lemma dist_tendsto_zero_if_coordinates_eventually_agree:
  fixes a b :: "nat \<Rightarrow> 'i \<Rightarrow> 'x"
  assumes "Metric_space M d" and compact: "compact_space (Metric_space.mtopology M d)"
    and top: "Metric_space.mtopology M d = product_topology T I"
    and a: "range a \<subseteq> M" and b: "range b \<subseteq> M"
    and agree: "\<And>i. i \<in> I \<Longrightarrow> eventually (\<lambda>n. a n i = b n i) sequentially"
  shows "(\<lambda>n. d (a n) (b n)) \<longlonglongrightarrow> 0"
proof -
  interpret Metric_space M d by fact
  have "eventually (\<lambda>n. d (a n) (b n) < e) sequentially" if e: "e > 0" for e
  proof (rule ccontr)
    assume "\<not> eventually (\<lambda>n. d (a n) (b n) < e) sequentially"
    then have "infinite {n. \<not> d (a n) (b n) < e}"
      by (simp add: eventually_cofinite flip: cofinite_eq_sequentially)
    then obtain r :: "nat \<Rightarrow> nat" where r: "strict_mono r" "\<And>n. \<not> d (a (r n)) (b (r n)) < e"
      using infinite_enumerate by blast
    have "range (a \<circ> r) \<subseteq> M" using a by auto
    then obtain l s where l: "l \<in> M" and s: "strict_mono s"
      and lim_a: "limitin mtopology (a \<circ> r \<circ> s) l sequentially"
      using compact unfolding compact_space_sequentially by blast
    have tp: "topspace (product_topology T I) = M"
      using top topspace_mtopology by metis
    have lim_b: "limitin mtopology (b \<circ> r \<circ> s) l sequentially"
      unfolding top
    proof (rule limitin_product_topology_eventually_agree[OF lim_a[unfolded top]])
      show "(b \<circ> r \<circ> s) n \<in> topspace (product_topology T I)" for n
        using b tp by auto
      show "eventually (\<lambda>n. (a \<circ> r \<circ> s) n i = (b \<circ> r \<circ> s) n i) sequentially" if "i \<in> I" for i
        using eventually_subseq[OF strict_mono_o[OF r(1) s] agree[OF that]] by simp
    qed
    have "eventually (\<lambda>n. d ((a \<circ> r \<circ> s) n) l < e/2 \<and> d ((b \<circ> r \<circ> s) n) l < e/2) sequentially"
      using lim_a lim_b e unfolding limitin_metric
      by (auto simp: eventually_conj_iff dest!: spec[of _ "e/2"] elim: eventually_mono)
    then obtain n where n: "d (a (r (s n))) l < e/2" "d (b (r (s n))) l < e/2"
      unfolding eventually_sequentially by auto
    have "d (a (r (s n))) (b (r (s n))) \<le> d (a (r (s n))) l + d l (b (r (s n)))"
      using a b l by (intro triangle) auto
    then show False
      using n r(2)[of "s n"] commute[of l "b (r (s n))"] by linarith
  qed
  then show ?thesis
    using a b by (simp add: tendsto_iff range_subsetD)
qed

definition asymptotic :: "('b \<Rightarrow> 'b) \<Rightarrow> ('b \<Rightarrow> 'b \<Rightarrow> real) \<Rightarrow> 'b \<Rightarrow> 'b \<Rightarrow> bool" where
  "asymptotic f d p q \<longleftrightarrow> (\<lambda>n. d ((f ^^ n) p) ((f ^^ n) q)) \<longlonglongrightarrow> 0"

lemma xi_le: "xi f d p q t n \<le> n"
proof -
  have "xi f d p q t n \<le> card {0..<n}" unfolding xi_def by (rule card_mono) auto
  then show ?thesis by simp
qed

lemma Fup_le_one: "Fup f d p q t \<le> 1"
proof -
  have "real (xi f d p q t n) / real n \<le> 1" for n
    using xi_le[of f d p q t n] by (cases "n = 0") (simp_all add: divide_le_eq_1)
  then show ?thesis unfolding Fup_def by (intro Limsup_bounded) simp
qed

lemma Flow_nonneg: "0 \<le> Flow f d p q t"
  unfolding Flow_def by (rule Liminf_bounded) simp

lemma Flow_eq_one_if_always_close:
  assumes "\<And>n. d ((f ^^ n) p) ((f ^^ n) q) < t"
  shows "Flow f d p q t = 1"
proof -
  have "xi f d p q t n = n" for n unfolding xi_def using assms by simp
  then have "1 \<le> Flow f d p q t"
    unfolding Flow_def by (intro Liminf_bounded eventually_sequentiallyI[of 1]) auto
  moreover have "Flow f d p q t \<le> Fup f d p q t"
    unfolding Flow_def Fup_def by (rule Liminf_le_Limsup) simp
  ultimately show ?thesis using Fup_le_one[of f d p q t] by simp
qed

lemma Flow_Fup_le_if_xi_le:
  assumes "\<And>n. xi f d p q t n \<le> xi f d p' q' t' n + N"
  shows "Flow f d p q t \<le> Flow f d p' q' t'" and "Fup f d p q t \<le> Fup f d p' q' t'"
proof -
  let ?r = "\<lambda>p q t n. ereal (real (xi f d p q t n) / real n)"
  have le: "?r p q t n \<le> ereal (real N / real n) + ?r p' q' t' n" for n
    using assms[of n] by (simp add: divide_right_mono flip: add_divide_distrib)
  have to_zero: "(\<lambda>n. ereal (real N / real n)) \<longlonglongrightarrow> ereal 0"
    by (intro tendsto_ereal lim_const_over_n)
  have "Flow f d p q t \<le> liminf (\<lambda>n. ereal (real N / real n) + ?r p' q' t' n)"
    unfolding Flow_def using le by (intro Liminf_mono always_eventually) auto
  also have "\<dots> = Flow f d p' q' t'"
    unfolding Flow_def by (subst ereal_liminf_lim_add[OF to_zero]) simp_all
  finally show "Flow f d p q t \<le> Flow f d p' q' t'" .
  have "Fup f d p q t \<le> limsup (\<lambda>n. ereal (real N / real n) + ?r p' q' t' n)"
    unfolding Fup_def using le by (intro Limsup_mono always_eventually) auto
  also have "\<dots> = Fup f d p' q' t'"
    unfolding Fup_def by (subst ereal_limsup_lim_add[OF to_zero]) simp_all
  finally show "Fup f d p q t \<le> Fup f d p' q' t'" .
qed

locale metric_dynamical_system = Metric_space M d for M :: "'b set" and d +
  fixes f :: "'b \<Rightarrow> 'b"
  assumes map_closed: "x \<in> M \<Longrightarrow> f x \<in> M"
begin

lemma funpow_closed: "x \<in> M \<Longrightarrow> (f ^^ n) x \<in> M"
  by (induction n) (simp_all add: map_closed)

lemma asymptotic_sym: "asymptotic f d p q \<longleftrightarrow> asymptotic f d q p"
  unfolding asymptotic_def by (simp add: commute)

* What is expected
Output the material again, line for line.

* Response to this exercise
lemma dist_tendsto_zero_if_coordinates_eventually_agree:
  fixes a b :: "nat \<Rightarrow> 'i \<Rightarrow> 'x"
  assumes "Metric_space M d" and compact: "compact_space (Metric_space.mtopology M d)"
    and top: "Metric_space.mtopology M d = product_topology T I"
    and a: "range a \<subseteq> M" and b: "range b \<subseteq> M"
    and agree: "\<And>i. i \<in> I \<Longrightarrow> eventually (\<lambda>n. a n i = b n i) sequentially"
  shows "(\<lambda>n. d (a n) (b n)) \<longlonglongrightarrow> 0"
proof -
  interpret Metric_space M d by fact
  have "eventually (\<lambda>n. d (a n) (b n) < e) sequentially" if e: "e > 0" for e
  proof (rule ccontr)
    assume "\<not> eventually (\<lambda>n. d (a n) (b n) < e) sequentially"
    then have "infinite {n. \<not> d (a n) (b n) < e}"
      by (simp add: eventually_cofinite flip: cofinite_eq_sequentially)
    then obtain r :: "nat \<Rightarrow> nat" where r: "strict_mono r" "\<And>n. \<not> d (a (r n)) (b (r n)) < e"
      using infinite_enumerate by blast
    have "range (a \<circ> r) \<subseteq> M" using a by auto
    then obtain l s where l: "l \<in> M" and s: "strict_mono s"
      and lim_a: "limitin mtopology (a \<circ> r \<circ> s) l sequentially"
      using compact unfolding compact_space_sequentially by blast
    have tp: "topspace (product_topology T I) = M"
      using top topspace_mtopology by metis
    have lim_b: "limitin mtopology (b \<circ> r \<circ> s) l sequentially"
      unfolding top
    proof (rule limitin_product_topology_eventually_agree[OF lim_a[unfolded top]])
      show "(b \<circ> r \<circ> s) n \<in> topspace (product_topology T I)" for n
        using b tp by auto
      show "eventually (\<lambda>n. (a \<circ> r \<circ> s) n i = (b \<circ> r \<circ> s) n i) sequentially" if "i \<in> I" for i
        using eventually_subseq[OF strict_mono_o[OF r(1) s] agree[OF that]] by simp
    qed
    have "eventually (\<lambda>n. d ((a \<circ> r \<circ> s) n) l < e/2 \<and> d ((b \<circ> r \<circ> s) n) l < e/2) sequentially"
      using lim_a lim_b e unfolding limitin_metric
      by (auto simp: eventually_conj_iff dest!: spec[of _ "e/2"] elim: eventually_mono)
    then obtain n where n: "d (a (r (s n))) l < e/2" "d (b (r (s n))) l < e/2"
      unfolding eventually_sequentially by auto
    have "d (a (r (s n))) (b (r (s n))) \<le> d (a (r (s n))) l + d l (b (r (s n)))"
      using a b l by (intro triangle) auto
    then show False
      using n r(2)[of "s n"] commute[of l "b (r (s n))"] by linarith
  qed
  then show ?thesis
    using a b by (simp add: tendsto_iff range_subsetD)
qed

definition asymptotic :: "('b \<Rightarrow> 'b) \<Rightarrow> ('b \<Rightarrow> 'b \<Rightarrow> real) \<Rightarrow> 'b \<Rightarrow> 'b \<Rightarrow> bool" where
  "asymptotic f d p q \<longleftrightarrow> (\<lambda>n. d ((f ^^ n) p) ((f ^^ n) q)) \<longlonglongrightarrow> 0"

lemma xi_le: "xi f d p q t n \<le> n"
proof -
  have "xi f d p q t n \<le> card {0..<n}" unfolding xi_def by (rule card_mono) auto
  then show ?thesis by simp
qed

lemma Fup_le_one: "Fup f d p q t \<le> 1"
proof -
  have "real (xi f d p q t n) / real n \<le> 1" for n
    using xi_le[of f d p q t n] by (cases "n = 0") (simp_all add: divide_le_eq_1)
  then show ?thesis unfolding Fup_def by (intro Limsup_bounded) simp
qed

lemma Flow_nonneg: "0 \<le> Flow f d p q t"
  unfolding Flow_def by (rule Liminf_bounded) simp

lemma Flow_eq_one_if_always_close:
  assumes "\<And>n. d ((f ^^ n) p) ((f ^^ n) q) < t"
  shows "Flow f d p q t = 1"
proof -
  have "xi f d p q t n = n" for n unfolding xi_def using assms by simp
  then have "1 \<le> Flow f d p q t"
    unfolding Flow_def by (intro Liminf_bounded eventually_sequentiallyI[of 1]) auto
  moreover have "Flow f d p q t \<le> Fup f d p q t"
    unfolding Flow_def Fup_def by (rule Liminf_le_Limsup) simp
  ultimately show ?thesis using Fup_le_one[of f d p q t] by simp
qed

lemma Flow_Fup_le_if_xi_le:
  assumes "\<And>n. xi f d p q t n \<le> xi f d p' q' t' n + N"
  shows "Flow f d p q t \<le> Flow f d p' q' t'" and "Fup f d p q t \<le> Fup f d p' q' t'"
proof -
  let ?r = "\<lambda>p q t n. ereal (real (xi f d p q t n) / real n)"
  have le: "?r p q t n \<le> ereal (real N / real n) + ?r p' q' t' n" for n
    using assms[of n] by (simp add: divide_right_mono flip: add_divide_distrib)
  have to_zero: "(\<lambda>n. ereal (real N / real n)) \<longlonglongrightarrow> ereal 0"
    by (intro tendsto_ereal lim_const_over_n)
  have "Flow f d p q t \<le> liminf (\<lambda>n. ereal (real N / real n) + ?r p' q' t' n)"
    unfolding Flow_def using le by (intro Liminf_mono always_eventually) auto
  also have "\<dots> = Flow f d p' q' t'"
    unfolding Flow_def by (subst ereal_liminf_lim_add[OF to_zero]) simp_all
  finally show "Flow f d p q t \<le> Flow f d p' q' t'" .
  have "Fup f d p q t \<le> limsup (\<lambda>n. ereal (real N / real n) + ?r p' q' t' n)"
    unfolding Fup_def using le by (intro Limsup_mono always_eventually) auto
  also have "\<dots> = Fup f d p' q' t'"
    unfolding Fup_def by (subst ereal_limsup_lim_add[OF to_zero]) simp_all
  finally show "Fup f d p q t \<le> Fup f d p' q' t'" .
qed

locale metric_dynamical_system = Metric_space M d for M :: "'b set" and d +
  fixes f :: "'b \<Rightarrow> 'b"
  assumes map_closed: "x \<in> M \<Longrightarrow> f x \<in> M"
begin

lemma funpow_closed: "x \<in> M \<Longrightarrow> (f ^^ n) x \<in> M"
  by (induction n) (simp_all add: map_closed)

lemma asymptotic_sym: "asymptotic f d p q \<longleftrightarrow> asymptotic f d q p"
  unfolding asymptotic_def by (simp add: commute)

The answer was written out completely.